The Scoop on Submissive Urination
In my puppy class recently, the owner of an adorable Golden Retriever puppy expressed her frustration, “Every time I touch my puppy, he leaks urine all over himself, me, and the carpet.” She said she took him outside often, praised him for relieving himself outside, and said that for the most part she felt his housetraining was going well. It was just when they interacted that he had no control.
When I asked her how she greeted her puppy, her problem became clear. She loved to greet him with a high pitched, excited tone of voice. She would pet him, rub his ears, massage his body, and loved to see him get excited. Unfortunately, those excited moments were when he leaked urine.
When a puppy gets excited and leaks a bit of urine, that’s called submissive urination. Although adult dogs can do this, too, it’s much more common with puppies. Some owners feel this is a housetraining problem; however, even though urine is involved, it’s not a housetraining issue at all. In fact, it’s related more to communication than to training.
What is Submissive Urination?
This leak of urine is called submissive urination because the puppy is trying to convey that he is a puppy, a baby, and that he’s not a threat in any way. Confident, healthy, adult dogs rarely leak urine in such a manner; it’s usually young puppies or worried, anxious young adults.
Puppies may do this when excited about greeting people or adult dogs. It can also happen during play, when being petted, or when he’s being scolded. A sudden startle can also cause a leak of urine.
Submissive urination is also often accompanied by submissive body language. His ears will probably be back, his tail may be tucked close to his back legs, and he may be licking his lips. He may also be squinting his eyes and his hips will probably be wiggling.

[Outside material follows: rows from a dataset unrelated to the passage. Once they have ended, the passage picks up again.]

text \<open>Every finite-index ideal of \<open>o\<close> is a power \<open>m^n\<close> of the maximal ideal, of index \<open>q^n\<close>,
  and \<open>m^n \<subseteq> m^n'\<close> iff \<open>n' \<le> n\<close>. So subrepresentations correspond to exponent vectors
  \<open>(e_1, \<dots>, e_a)\<close> with \<open>e_j \<le> e_1\<close> at every leaf \<open>j\<close>, contributing \<open>t^(e_1 + \<dots> + e_a)\<close>.
  As in MacMahon's and Stanley's theory of P-partitions, the leaf exponents \<open>f\<close> are sorted
  decreasingly: \<open>f\<close> corresponds bijectively to its sorting permutation \<open>w \<in> S_(a-1)\<close> together
  with arbitrary gaps \<open>g_i \<in> \<nat>\<close> between consecutive sorted values, each descent of \<open>w\<close> forcing
  an extra drop by one; the centre adds a free excess \<open>k\<close> over the largest leaf. The weight
  becomes \<open>k + \<Sum>(i + 1) g_i + maj w + des w\<close>, so the series factors into \<open>1 / (1 - t)\<close>, the
  Carlitz polynomial \<open>C_(a-1)(t, t)\<close> and the geometric series \<open>1 / (1 - t^(i+1))\<close>.\<close>

section \<open>Principal ideals and residue systems\<close>

lemma mem_principal_ideal_iff: "x \<in> principal_ideal g \<longleftrightarrow> g dvd x"
  by (auto simp: principal_ideal_def dvd_def mult.commute)

lemma is_ideal_principal_ideal: "is_ideal (principal_ideal g)"
  unfolding is_ideal_def by (auto simp: mem_principal_ideal_iff)

lemma principal_ideal_1 [simp]: "principal_ideal 1 = UNIV"
  by (auto simp: mem_principal_ideal_iff)

lemma principal_ideal_subset_iff: "principal_ideal a \<subseteq> principal_ideal b \<longleftrightarrow> b dvd a"
  unfolding subset_iff mem_principal_ideal_iff by (meson dvd_refl dvd_trans)

lemma ideal_uminus: "is_ideal I \<Longrightarrow> x \<in> I \<Longrightarrow> - x \<in> I"
  unfolding is_ideal_def by (metis mult_minus1)

lemma coset_eq_iff:
  assumes I: "is_ideal I"
  shows "(\<lambda>y. x + y) ` I = (\<lambda>y. x' + y) ` I \<longleftrightarrow> x - x' \<in> I"
proof
  assume eq: "(\<lambda>y. x + y) ` I = (\<lambda>y. x' + y) ` I"
  have "x + 0 \<in> (\<lambda>y. x + y) ` I" using I by (auto simp: is_ideal_def)
  then obtain i where "i \<in> I" "x = x' + i" using eq by auto
  then show "x - x' \<in> I" by simp
next
  have shift: "(\<lambda>y. x + y) ` I \<subseteq> (\<lambda>y. x' + y) ` I" if "x - x' \<in> I" for x x'
  proof
    fix z assume "z \<in> (\<lambda>y. x + y) ` I"
    then obtain i where i: "i \<in> I" "z = x + i" by auto
    then have "(x - x') + i \<in> I" using I that by (auto simp: is_ideal_def)
    then show "z \<in> (\<lambda>y. x' + y) ` I" using i by (auto intro: image_eqI[of _ _ "(x - x') + i"])
  qed
  assume "x - x' \<in> I"
  moreover from ideal_uminus[OF I this] have "x' - x \<in> I" by simp
  ultimately show "(\<lambda>y. x + y) ` I = (\<lambda>y. x' + y) ` I" using shift by blast
qed

definition residue_system :: "'a::comm_ring_1 set \<Rightarrow> 'a set \<Rightarrow> bool" where
  "residue_system R I \<longleftrightarrow> (\<forall>x. \<exists>r\<in>R. x - r \<in> I) \<and> (\<forall>r\<in>R. \<forall>r'\<in>R. r - r' \<in> I \<longrightarrow> r = r')"

lemma residue_system_principal_ideal_iff:
  "residue_system R (principal_ideal g) \<longleftrightarrow>
     (\<forall>x. \<exists>r\<in>R. g dvd x - r) \<and> (\<forall>r\<in>R. \<forall>r'\<in>R. g dvd r - r' \<longrightarrow> r = r')"
  by (simp add: residue_system_def mem_principal_ideal_iff)
lemma (in group) internal_direct_product_of_center_decomposition:
  assumes H1: "subgroup H1 G" and H2: "subgroup H2 G"
    and comm: "\<And>a b. a \<in> H1 \<Longrightarrow> b \<in> H2 \<Longrightarrow> a \<otimes> b = b \<otimes> a"
    and gen: "carrier G \<subseteq> (H1 <#> grp_center G) <#> (H2 <#> grp_center G)"
    and center: "grp_center G \<subseteq> grp_center (G\<lparr>carrier := H1\<rparr>) <#> grp_center (G\<lparr>carrier := H2\<rparr>)"
    and disjoint: "grp_center (G\<lparr>carrier := H1\<rparr>) \<inter> grp_center (G\<lparr>carrier := H2\<rparr>) \<subseteq> {\<one>}"
  shows "internal_direct_product G H1 H2"
proof -
  interpret group_disjoint_sum G H1 H2
    by (rule group_disjoint_sum.intro[OF is_group H1 H2])
  have prod: "H1 <#> H2 = carrier G"
    using carrier_eq_set_mult_of_center_decomposition[OF H1 H2 comm gen center] .
  have "H1 \<inter> H2 \<subseteq> grp_center (G\<lparr>carrier := H1\<rparr>) \<inter> grp_center (G\<lparr>carrier := H2\<rparr>)"
  proof
    fix x assume x: "x \<in> H1 \<inter> H2"
    have "x \<otimes> y = y \<otimes> x" if "y \<in> H1" for y
      using comm[of y x] that x by simp
    moreover have "x \<otimes> y = y \<otimes> x" if "y \<in> H2" for y
      using comm[of x y] that x by simp
    ultimately show "x \<in> grp_center (G\<lparr>carrier := H1\<rparr>) \<inter> grp_center (G\<lparr>carrier := H2\<rparr>)"
      using x unfolding grp_center_def by auto
  qed
  then have "H1 \<inter> H2 = {\<one>}"
    using disjoint subset_one by blast
  moreover have "H1 \<lhd> G"
    by (rule commuting_imp_normal1[OF equalityD2[OF prod]]) (rule comm)
  moreover have "H2 \<lhd> G"
    by (rule commuting_imp_normal2[OF equalityD2[OF prod]]) (rule comm)
  ultimately show ?thesis
    using prod unfolding internal_direct_product_def by blast
qed
fun wf_p :: "('c,'a,'f) proc \<Rightarrow> bool" where
  "wf_p (PSnd c e P) = wf_p P"
| "wf_p (PRcv c x P Q) = (wf_p P \<and> wf_p Q)"
| "wf_p (PSleep P) = wf_p P"
| "wf_p (PTau P) = wf_p P"
| "wf_p (PSum P Q) = (wf_p P \<and> wf_p Q)"
| "wf_p (PCond b P Q) = (wf_p P \<and> wf_p Q)"
| "wf_p (PVar X) = True"
| "wf_p PNil = True"
| "wf_p (PFix X P) = (\<not> ug X P \<and> wf_p P)"

fun wf_s :: "('c,'a,'f) sys \<Rightarrow> bool" where
  "wf_s (SProc P) = wf_p P"
| "wf_s (SActRcv c x P) = wf_p P"
| "wf_s (SPar W1 W2) = (wf_s W1 \<and> wf_s W2)"
| "wf_s (SRes c n v W) = wf_s W"

definition idle :: "('c,'a) env \<Rightarrow> 'c \<Rightarrow> bool" where
  "idle \<Gamma> c \<longleftrightarrow> fst (\<Gamma> c) = 0"

definition exposed :: "('c,'a) env \<Rightarrow> 'c \<Rightarrow> bool" where
  "exposed \<Gamma> c \<longleftrightarrow> \<not> idle \<Gamma> c"

text \<open>Environment update lambda(Gamma); delta is the transmission time of closed values.\<close>
fun upd :: "('a cval \<Rightarrow> nat) \<Rightarrow> ('c,'a) label \<Rightarrow> ('c,'a) env \<Rightarrow> ('c,'a) env" where
  "upd \<delta> LSigma \<Gamma> = (\<lambda>d. (max (fst (\<Gamma> d) - 1) 0, snd (\<Gamma> d)))"
| "upd \<delta> (LOut c v) \<Gamma> = \<Gamma>(c := (if idle \<Gamma> c then (\<delta> v, v)
                                   else (max (\<delta> v) (fst (\<Gamma> c)), CErr)))"
| "upd \<delta> (LIn c v) \<Gamma> = \<Gamma>(c := (if idle \<Gamma> c then (\<delta> v, v)
                                   else (max (\<delta> v) (fst (\<Gamma> c)), CErr)))"
| "upd \<delta> LTau \<Gamma> = \<Gamma>"

fun chan_of :: "('c,'a) label \<Rightarrow> 'c option" where
  "chan_of (LOut c v) = Some c"
| "chan_of (LIn c v) = Some c"
| "chan_of _ = None"

text \<open>For a restriction nu d.W the paper assumes d different from c by
  alpha-conversion; in this named representation a bound d = c shadows c, so
  no receiver on the free channel c can occur inside.\<close>
fun rcv_p :: "('c,'a,'f) proc \<Rightarrow> 'c \<Rightarrow> bool" where
  "rcv_p (PRcv d x P Q) c = (d = c)"
| "rcv_p (PSum P Q) c = (rcv_p P c \<or> rcv_p Q c)"
| "rcv_p (PFix X P) c = rcv_p P c"
| "rcv_p _ c = False"

fun rcv_s :: "('c,'a,'f) sys \<Rightarrow> 'c \<Rightarrow> bool" where
  "rcv_s (SProc P) c = rcv_p P c"
| "rcv_s (SActRcv d x P) c = False"
| "rcv_s (SPar W1 W2) c = (rcv_s W1 c \<or> rcv_s W2 c)"
| "rcv_s (SRes d n v W) c = (d \<noteq> c \<and> rcv_s W c)"

definition rcv_conf :: "('c,'a) env \<Rightarrow> ('c,'a,'f) sys \<Rightarrow> 'c \<Rightarrow> bool" where
  "rcv_conf \<Gamma> W c \<longleftrightarrow> idle \<Gamma> c \<and> rcv_s W c"

fun beval :: "('f \<Rightarrow> 'a cval list \<Rightarrow> 'a cval) \<Rightarrow> ('c,'a) env \<Rightarrow> ('c,'a,'f) bexp \<Rightarrow> bool" where
  "beval I \<Gamma> (BEq e1 e2) = (eval I e1 = eval I e2)"
| "beval I \<Gamma> (BExp c) = exposed \<Gamma> c"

Responding to Submissive Urination
If you know your puppy is prone to leaking urine in certain situations, try to prevent it from occurring. For example, greet your puppy outside rather than inside on the carpet. Then greet him calmly, with love and affection, but with as little excitement as possible. Touch him gently but don’t hug or squeeze him. Talk to him affectionately but quietly and calmly. Look towards him but don’t stare at him. Find where his level of over-stimulation is and try not to go beyond it.
Don’t yell, scream, scold, or otherwise punish him for submissive urination. Your puppy isn’t doing this on purpose and he doesn’t have any control over it. Instead, concentrate on preventing it and if unable to do that, just clean it up.
Most Puppies Grow Out of It
Most puppies who have submissive urination tend to grow out of it by seven or eight months, although some continue to do it until about a year of age.
If punished for urine leaks, however, he may become more anxious and less confident and then will continue leaking when stressed. It’s important to try and prevent episodes but, when they do occur, don’t make a big deal out of it. If you feel there is more going on behaviorally than simple submissive urination, talk to your dog trainer or behaviorist for some help.
If your puppy stops leaking and then begins again, or if your puppy who never showed any tendency to have submissive urination suddenly start leaking, talk to your veterinarian. There are medical conditions, including urinary tract infections, that can cause urine leakage or increases in urination.